[Date Prev][Date Next][Thread Prev][Thread Next][Date Index][Thread Index]

Re: On automatic conversion

>>>>> "Frederik" == Frederik Fouvry <fouvry@sfs.nphil.uni-tuebingen.de> writes:

Frederik> It is entirely true (even tough I'm not a real expert ;-) that
Frederik> the conversion cannot happen automatically.  However, it is
Frederik> possible to convert LinuxDoc to _valid_ DocBook documents.  This
Frederik> is the KDE approach: the documents are first converted
Frederik> automatically to valid DocBook documents (20% are valid without
Frederik> changes, a large majority need trivial changes, which could have
Frederik> been avoided if the main aim had been to generate valid
Frederik> documents; the rest are slightly more complicated cases, or come
Frederik> from non-valid LinuxDoc documents).  In the next step, the valid
Frederik> DocBook is converted to "proper DocBook".

This is somewhat similar to the way we converted from LaTeX to DocBook.  In
some of our older LaTeX, we simply used the standard LaTeX commands to get
a certain typographic effect, leading to sentences like:

"Use the \texttt{ls} command to obtain a listing of the file \texttt{foo}."

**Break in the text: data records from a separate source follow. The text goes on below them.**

lemma retraction_uniform_expansion:
  fixes R :: "real^'n^'n \<Rightarrow> real^'n^'n"
  assumes "C2 R" and retr: "\<And>P. P \<in> MN N \<Longrightarrow> retraction_at N R P"
  obtains \<delta> C where "\<delta> > 0" "C \<ge> 0"
    "\<And>P X. P \<in> MN N \<Longrightarrow> symm X \<Longrightarrow> norm X < \<delta> \<Longrightarrow>
       R (P + X) \<in> MN N \<and> norm (R (P + X) - P - PiP P X) \<le> C * (norm X)\<^sup>2"
proof -
  \<comment> \<open>The radius is a Lebesgue number for the cover of \<open>MN N\<close> by the balls of the local
    hypothesis; the constant is the Taylor constant of \<open>R\<close>, since \<open>DR(P) = \<Pi>\<^sub>P\<close>.\<close>
  obtain d where d: "\<And>P. P \<in> MN N \<Longrightarrow> d P > 0 \<and> (\<forall>X. symm X \<and> norm X < d P \<longrightarrow> R (P + X) \<in> MN N)"
    using retr unfolding retraction_at_def by metis
  obtain \<delta> where "\<delta> > 0" and \<delta>: "\<And>P. P \<in> MN N \<Longrightarrow> \<exists>G\<in>(\<lambda>c. ball c (d c)) ` MN N. ball P \<delta> \<subseteq> G"
    by (rule Heine_Borel_lemma[OF compact_MN, where \<G>="(\<lambda>c. ball c (d c)) ` MN N"]) (use d in auto)
  have in_MN: "R (P + X) \<in> MN N" if "P \<in> MN N" "symm X" "norm X < \<delta>" for P X
  proof -
    obtain c where c: "c \<in> MN N" "ball P \<delta> \<subseteq> ball c (d c)"
      using \<delta>[OF \<open>P \<in> MN N\<close>] by blast
    moreover have "P + X \<in> ball P \<delta>"
      using that(3) by (simp add: dist_norm)
    ultimately have "P + X \<in> ball c (d c)"
      by blast
    then have "norm (P + X - c) < d c"
      by (simp add: dist_norm norm_minus_commute)
    moreover have "symm (P + X - c)"
      using that c(1) by (simp add: MN_symm symm_add symm_diff)
    ultimately have "R (c + (P + X - c)) \<in> MN N"
      using d[OF c(1)] by blast
    then show ?thesis
      by simp
  qed
  define K where "K = cball (0::real^'n^'n) (sqrt (real N) + \<delta>)"
  obtain M where "M \<ge> 0" and M: "\<And>x y. x \<in> K \<Longrightarrow> y \<in> K \<Longrightarrow>
      norm (R y - R x - frechet_derivative R (at x) (y - x)) \<le> M * (norm (y - x))\<^sup>2"
    using C2_quadratic_remainder[OF \<open>C2 R\<close>, of K] unfolding K_def by auto
  have "norm (R (P + X) - P - PiP P X) \<le> M * (norm X)\<^sup>2" if "P \<in> MN N" "symm X" "norm X < \<delta>" for P X
  proof -
    have "P \<in> K" "P + X \<in> K"
      using that norm_triangle_ineq[of P X] \<open>\<delta> > 0\<close> by (auto simp: K_def norm_MN)
    moreover have "R differentiable at P"
      using \<open>C2 R\<close> unfolding C2_def differentiable_def by blast
    ultimately show ?thesis
      using M[of P "P + X"] retr[OF that(1)] that(2)
      by (simp add: retraction_at_fixed retraction_at_frechet_derivative)
  qed
  with that[of \<delta> M] \<open>\<delta> > 0\<close> \<open>M \<ge> 0\<close> in_MN show ?thesis
    by blast
qed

Some of our newer (more enlightened :-) LaTeX would have represented this
sentence as:

   "Use the \cmd{ls} command to obtain a listing of the file \fil{foo}."

So our conversion scripts had to take both cases into account.  It
obviously should convert \cmd{} to <command></command>, and \fil{} to
<filename></filename>.  But what about \texttt{}?  It had been used in a
semantically ambiguous way -- we would need to get rid of that ambiguity.

What we did was to convert \texttt{} to <tt?></tt?>.  While not valid
DocBook, consider how quickly an interactive search and replace command
(I've used Emacs' query-replace command, although I'm sure it could be done
with other tools) could be used to change all the appropriate occurences of
"tt?" to "filename".  A second run could change "tt?" to "command".  If
there were any "tt?"s left in the file, we'd have to deal with them one at
a time.  Generally, it would take 10-15 minutes to go through a
several-thousand-line file in this manner, so it's not *that* painful.

Frederik> I would suggest you try to convert a few documents automatically,
Frederik> and consider what you want to do based on that, without
Frederik> dismissing conversion out-of-hand.

That is how we crafted our conversion scripts -- run the script against a
few files, look at the results, fine-tune the script, and repeat.  Once
the script's output *looked* OK, we started the process of turning it into
a valid DocBook document.  This in turn resulted in a bit more fine-tuning
of the scripts.

At the end of it, I'd estimate our script handled 80% of the grunt work of
the conversion, and the remaining 20% was so diverse (or the logic was so
complex) that it was just not worth our effort to have the script handle
those cases.  For those, it was easier to have a human take up the slack.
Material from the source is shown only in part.